In all cases the data exposed by a potential overlap shouldn't be that
interesting (e.g. scheduler state), but that obviously depends on what
the attacker is looking for.

But all of them are still problematic vs. interrupts / softinterrupts
which can happen on HT2 on the way to idle or while idling. i.e. #3 of
the original case list. #A and #B are only affected my MDS, #C and #D by
both MDS and L1TF (if EPT is in use).

>> My concern is now cases 1, 2 to which there does not seem a good solution,
>> short of disabling interrupts. For 3, we could still possibly do something on
>> the guest side, such as using shadow page tables. Any thoughts on all this?

#1 can be partially mitigated by changing interrupt affinities, which is
   not always possible and in the case of the local timer interrupt
   completely impossible. It's not only the timer interrupt itself, the
   timer callbacks which can run in the softirq on return from interrupt
   might be valuable attack surface depending on the nature of the
   callbacks, the random entropy timer just being a random example.

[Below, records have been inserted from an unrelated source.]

lemma Cfun_Sfun: "Cfun S \<phi> = Mfun \<phi>"
proof -
  obtain s c where s: "s = sin (S - \<phi>)" and c: "c = cos (S - \<phi>)"
    by blast
  have "S = s * c" and "s \<noteq> 0"
    using Sfun_spec sin_double[of "S - \<phi>"] sin_diff_pos[of S]
    by (auto simp: s c Sgap_def algebra_simps sin_diff)
  then have "S * c / s = c * c"
    by simp
  then show ?thesis
    unfolding Cfun_def Mfun_def cot_def s c by (simp add: power2_eq_square)
qed

lemma Cfun_le_Mfun: "0 \<le> x \<Longrightarrow> x < \<phi> \<Longrightarrow> Cfun x \<phi> \<le> Mfun \<phi>"
  using Cfun_strict_mono[of x S] Cfun_strict_antimono[of S x] Cfun_Sfun
  by (cases x S rule: linorder_cases) auto

lemma Cfun_pos: "0 < y \<Longrightarrow> y \<le> S \<Longrightarrow> 0 < Cfun y \<phi>"
  using Cfun_strict_mono[of 0 y] Cfun_0 by simp

lemma Mfun_pos: "0 < Mfun \<phi>"
  using Cfun_pos[of S] Cfun_Sfun Sfun_spec by simp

#2 is a non issue if MDS mitigation is on, i.e. buffers are flushed
   before returning to user space. It's pretty much a non SMT case,
   i.e. same CPU user to kernel attack.

#3 Can only be fully mitigated by disabling EPT 

#4 Assumed that my assumptions about transition times are correct, which
   I think they are, #4 is pretty much redirected to #1

Hope that helps.

Thanks,

        tglx